Henbury High School was a comprehensive school for girls and boys aged 11 – 18 in Macclesfield, Cheshire, England, established in 1958. Henbury High closed in July 2007 and re-opened as Macclesfield High School in a new location. It had approximately 1000 pupils, and 100 members of staff. Before it became Henbury High School it was known as Broken Cross Secondary Modern School, but changed its name in 1979. It was a successful foundation school, with twin specialisms. In 1998, it was designated as a specialist technology college. In 2004, as a result of being identified as a high-performing secondary school by the DfES, the school was invited to apply for a second specialism in art and English.

== Chronology ==
=== Early '90s - Late '90s ===
In 1993, the Governors opted out of the local authority and the school became "grant maintained". New capital investment was made with the building of the extension to the technology block. In 1997, part of the Henbury playing fields were sold to private developers, to generate income to improve the sports facilities. A new all-weather pitch was opened in 1999.
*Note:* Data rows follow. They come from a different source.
lemma exists_hitting_vectors:
  fixes V :: "'i \<Rightarrow> ('a::field ^ 'n) set"
  assumes "finite (UNIV :: 'a set)" and "vec.subspace C" and "finite J"
    and V: "\<And>j. j \<in> J \<Longrightarrow> C \<subseteq> V j \<and> vec.dim (V j) = vec.dim C + k"
  obtains D where "finite D" and "card D \<le> card J * CARD('a) ^ k" and "D \<inter> C = {}"
    and "\<And>W j. vec.subspace W \<Longrightarrow> C \<subseteq> W \<Longrightarrow> j \<in> J \<Longrightarrow> \<not> W \<inter> V j \<subseteq> C \<Longrightarrow> \<exists>d\<in>D. d \<in> W"
proof -
  have "\<exists>E. card E \<le> CARD('a) ^ k \<and> E \<inter> C = {} \<and>
      (\<forall>W. vec.subspace W \<longrightarrow> C \<subseteq> W \<longrightarrow> \<not> W \<inter> V j \<subseteq> C \<longrightarrow> (\<exists>e\<in>E. e \<in> W))"
    if j: "j \<in> J" for j
  proof -
    obtain E where "card E \<le> CARD('a) ^ (vec.dim (V j) - vec.dim C)" and "E \<inter> C = {}"
      and "\<And>W. vec.subspace W \<Longrightarrow> C \<subseteq> W \<Longrightarrow> \<not> W \<inter> V j \<subseteq> C \<Longrightarrow> \<exists>e\<in>E. e \<in> W"
      using exists_hitting_vectors_of_superspace[OF assms(1,2)] V[OF j] by blast
    then show ?thesis
      using V[OF j] by auto
  qed
  then obtain E where E: "\<And>j. j \<in> J \<Longrightarrow> card (E j) \<le> CARD('a) ^ k \<and> E j \<inter> C = {} \<and>
      (\<forall>W. vec.subspace W \<longrightarrow> C \<subseteq> W \<longrightarrow> \<not> W \<inter> V j \<subseteq> C \<longrightarrow> (\<exists>e\<in>E j. e \<in> W))"
    by metis
  have E_card: "card (E j) \<le> CARD('a) ^ k" and E_disj: "E j \<inter> C = {}"
    and E_hits: "\<And>W. vec.subspace W \<Longrightarrow> C \<subseteq> W \<Longrightarrow> \<not> W \<inter> V j \<subseteq> C \<Longrightarrow> \<exists>e\<in>E j. e \<in> W"
    if "j \<in> J" for j
    using E[OF that] by simp_all
  define D where "D = (\<Union>j\<in>J. E j)"
  have "finite D"
    using finite_subset[OF subset_UNIV finite_UNIV_vec[OF assms(1)]] .
  moreover have "card D \<le> card J * CARD('a) ^ k"
  proof -
    have "card D \<le> (\<Sum>j\<in>J. card (E j))"
      unfolding D_def by (rule card_UN_le[OF assms(3)])
    also have "\<dots> \<le> (\<Sum>j\<in>J. CARD('a) ^ k)"
      using E_card by (rule sum_mono)
    finally show ?thesis
      by simp
  qed
  moreover have "D \<inter> C = {}"
    using E_disj unfolding D_def by blast
  moreover have "\<exists>d\<in>D. d \<in> W"
    if "vec.subspace W" "C \<subseteq> W" "j \<in> J" "\<not> W \<inter> V j \<subseteq> C" for W j
    using E_hits[OF that(3,1,2,4)] that(3) unfolding D_def by blast
  ultimately show ?thesis
    by (rule that)
qed

lemma sunflower_codim_one:
  fixes V :: "'i \<Rightarrow> ('a::field ^ 'n) set"
  assumes "1 \<le> s" and "vec.subspace C" and "finite I"
    and V: "\<And>i. i \<in> I \<Longrightarrow> vec.subspace (V i) \<and> C \<subseteq> V i \<and> vec.dim (V i) = vec.dim C + 1"
    and "s ^ 2 \<le> card I"
  shows "\<exists>J\<subseteq>I. s \<le> card J \<and> sunflower J V"
proof -
  have "C \<subset> V i" if "i \<in> I" for i
    using V[OF that] by auto
  from sunflower_or_small_blocking_set[OF assms(3) this]
  consider "\<exists>J\<subseteq>I. s \<le> card J \<and> sunflower J V"
    | J where "J \<subseteq> I" and "card J < s" and "\<forall>i\<in>I. \<exists>j\<in>J. \<not> V i \<inter> V j \<subseteq> C"
    by iprover
  then show ?thesis
  proof cases
    case (2 J)
    have "\<exists>j\<in>J. V i = V j" if i: "i \<in> I" for i
    proof -
      obtain j where "j \<in> J" and "\<not> V i \<inter> V j \<subseteq> C"
        using 2(3) i by blast
      moreover have "j \<in> I"
        using \<open>j \<in> J\<close> 2(1) by blast
      moreover have "V i = V j"
        using V[OF i] V[OF \<open>j \<in> I\<close>] \<open>\<not> V i \<inter> V j \<subseteq> C\<close>
        by (intro codim_one_subspaces_eq[OF assms(2)]) simp_all
      ultimately show ?thesis
        by blast
    qed
    moreover have "card J * s \<le> card I"
    proof -
      have "card J * s \<le> s * s"
        using 2(2) by simp
      also have "\<dots> \<le> card I"
        using assms(5) by (simp add: power2_eq_square)
      finally show ?thesis .
    qed
    moreover have "I \<noteq> {}"
      using one_le_power[OF assms(1), of 2] assms(5) by auto
    ultimately obtain j where "s \<le> card {i\<in>I. V i = V j}"
      using exists_large_fiber[OF assms(3) _ finite_subset[OF 2(1) assms(3)], where P = "\<lambda>i j. V i = V j"]
      by blast
    moreover have "sunflower {i\<in>I. V i = V j} V"
      by (rule sunflower_if_pairwise_Int_eq[where C = "V j"]) (auto simp: pairwise_def)
    ultimately show ?thesis
      by (intro exI[of _ "{i\<in>I. V i = V j}"]) auto
  qed
qed

lemma sunflower_or_large_subfamily_through_vector:
  fixes V :: "'i \<Rightarrow> ('a::field ^ 'n) set"
  assumes "finite (UNIV :: 'a set)" and "vec.subspace C" and "finite I" and "I \<noteq> {}"
    and V: "\<And>i. i \<in> I \<Longrightarrow> vec.subspace (V i) \<and> C \<subseteq> V i \<and> vec.dim (V i) = vec.dim C + k"
    and "1 \<le> k" and "s * CARD('a) ^ k * M \<le> card I"
  shows "(\<exists>J\<subseteq>I. s \<le> card J \<and> sunflower J V) \<or> (\<exists>d. d \<notin> C \<and> M \<le> card {i\<in>I. d \<in> V i})"
proof -
  have "C \<subset> V i" if "i \<in> I" for i
    using V[OF that] assms(6) by auto
  from sunflower_or_small_blocking_set[OF assms(3) this]
  consider "\<exists>J\<subseteq>I. s \<le> card J \<and> sunflower J V"
    | J where "J \<subseteq> I" and "card J < s" and "\<forall>i\<in>I. \<exists>j\<in>J. \<not> V i \<inter> V j \<subseteq> C"
    by iprover
  then show ?thesis
  proof cases
    case 1
    then show ?thesis
      by (rule disjI1)
  next
    case (2 J)
    have "finite J"
      using finite_subset[OF 2(1) assms(3)] .
    have V_J: "\<And>j. j \<in> J \<Longrightarrow> C \<subseteq> V j \<and> vec.dim (V j) = vec.dim C + k"
      using V 2(1) by blast
    obtain D where D: "finite D" "card D \<le> card J * CARD('a) ^ k" "D \<inter> C = {}"
      and hits: "\<And>W j. vec.subspace W \<Longrightarrow> C \<subseteq> W \<Longrightarrow> j \<in> J \<Longrightarrow> \<not> W \<inter> V j \<subseteq> C \<Longrightarrow> \<exists>d\<in>D. d \<in> W"
      using exists_hitting_vectors[where V = V, OF assms(1,2) \<open>finite J\<close> V_J] by blast
    have "\<exists>d\<in>D. d \<in> V i" if i: "i \<in> I" for i
    proof -
      obtain j where "j \<in> J" and "\<not> V i \<inter> V j \<subseteq> C"
        using 2(3) i by blast
      then show ?thesis
        using hits V[OF i] by simp
    qed
    moreover have "card D * M \<le> card I"
      using D(2) 2(2) assms(7) by (meson le_trans less_imp_le_nat mult_le_mono1)
    ultimately obtain d where "d \<in> D" "M \<le> card {i\<in>I. d \<in> V i}"
      using exists_large_fiber[OF assms(3,4) D(1), where P = "\<lambda>i d. d \<in> V i"] by blast
    then show ?thesis
      using D(3) by blast
  qed
qed

text \<open>\<open>(k\<^sup>2 + k - 2) div 2 = 2 + 3 + \<dots> + k\<close>; the truncated subtraction is harmless for \<open>k \<ge> 1\<close>.\<close>

lemma sunflower_exponent_Suc:
  assumes "1 \<le> (k::nat)"
  shows "(Suc k ^ 2 + Suc k - 2) div 2 = (k^2 + k - 2) div 2 + Suc k"
  using assms by (cases k) (simp_all add: power2_eq_square algebra_simps)

lemma sunflower_in_family_over_subspace:
  fixes V :: "'i \<Rightarrow> ('a::field ^ 'n) set"
  assumes "finite (UNIV :: 'a set)" and "1 \<le> s" and "1 \<le> k"
    and "vec.subspace C" and "finite I"
    and "\<And>i. i \<in> I \<Longrightarrow> vec.subspace (V i) \<and> C \<subseteq> V i \<and> vec.dim (V i) = vec.dim C + k"
    and "s ^ (k + 1) * CARD('a) ^ ((k^2 + k - 2) div 2) \<le> card I"
  shows "\<exists>J\<subseteq>I. s \<le> card J \<and> sunflower J V"
  using assms(3-)
proof (induction k arbitrary: C I rule: nat_induct_at_least)
  case base
  have "s ^ 2 \<le> card I"
    using base(4) by (simp add: power2_eq_square)
  then show ?case
    using sunflower_codim_one[where V = V, OF assms(2) base(1-3)] by simp
next
  case (Suc k)
  let ?M = "s ^ (k + 1) * CARD('a) ^ ((k^2 + k - 2) div 2)"
  have "s * CARD('a) ^ Suc k * ?M = s ^ (Suc k + 1) * CARD('a) ^ ((Suc k ^ 2 + Suc k - 2) div 2)"
    unfolding sunflower_exponent_Suc[OF Suc.hyps(1)] by (simp add: power_add ac_simps)
  also have "\<dots> \<le> card I"
    by (rule Suc.prems(4))
  finally have bound: "s * CARD('a) ^ Suc k * ?M \<le> card I" .
  moreover have "0 < s * CARD('a) ^ Suc k * ?M"
    using assms(2) finite_UNIV_card_ge_0[OF assms(1)] by simp
  ultimately have "I \<noteq> {}"
    by auto
  have "1 \<le> Suc k"
    by simp
  with sunflower_or_large_subfamily_through_vector[OF assms(1) Suc.prems(1,2) \<open>I \<noteq> {}\<close> Suc.prems(3)]
  consider "\<exists>J\<subseteq>I. s \<le> card J \<and> sunflower J V"
    | d where "d \<notin> C" and "?M \<le> card {i\<in>I. d \<in> V i}"
    using bound by iprover
  then show ?case
  proof cases
    case (2 d)
    let ?C' = "vec.span (insert d C)"
    have fin: "finite {i\<in>I. d \<in> V i}"
      using Suc.prems(2) by simp
    have V_over_C': "vec.subspace (V i) \<and> ?C' \<subseteq> V i \<and> vec.dim (V i) = vec.dim ?C' + k"
      if "i \<in> {i\<in>I. d \<in> V i}" for i
    proof -
      have V_i: "vec.subspace (V i) \<and> C \<subseteq> V i \<and> vec.dim (V i) = vec.dim C + Suc k"
        using Suc.prems(3) that by blast
      then have "?C' \<subseteq> V i"
        using that by (intro vec.span_minimal) auto
      then show ?thesis
        using V_i dim_span_insert_notin[OF Suc.prems(1) 2(1)] by simp
    qed
    have "\<exists>J\<subseteq>{i\<in>I. d \<in> V i}. s \<le> card J \<and> sunflower J V"
      by (rule Suc.IH[OF vec.subspace_span fin V_over_C' 2(2)])
    then show ?thesis
      by blast
  qed
qed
=== The late '90s - 2007 ===
In September 2004, Henbury welcomed almost all of the students from the closing Ryles Park High School, Macclesfield. This expansion led to the construction of 12 new temporary classrooms and a large purpose built temporary sports hall.

=== Moved and renamed ===
In September 2007, Henbury moved from its present site into a newly built school on the new £38 million development known as the Macclesfield Learning Zone about two miles away. Since the school was some distance from Henbury parish, it adopted the new name of Macclesfield High School. The old Henbury site became Jasmine Park, a new housing development site with amenities such as open park areas, leisure play areas and three new football fields as well as being home to new apartments and houses.

== Uniform ==
The uniform was navy blue in colour: pupils had to wear a skirt or trousers in black, as well as a pale blue shirt, blue and white tie and a navy blue sweater, which was replaced by a pale blue polo shirt with the school logo. Since becoming Macclesfield High School the uniform has changed to: black skirt or trousers, blue blazer, blue and gold tie, white shirt, white socks or black/natural tights for girls, and grey/black socks for boys, black school shoes for all pupils.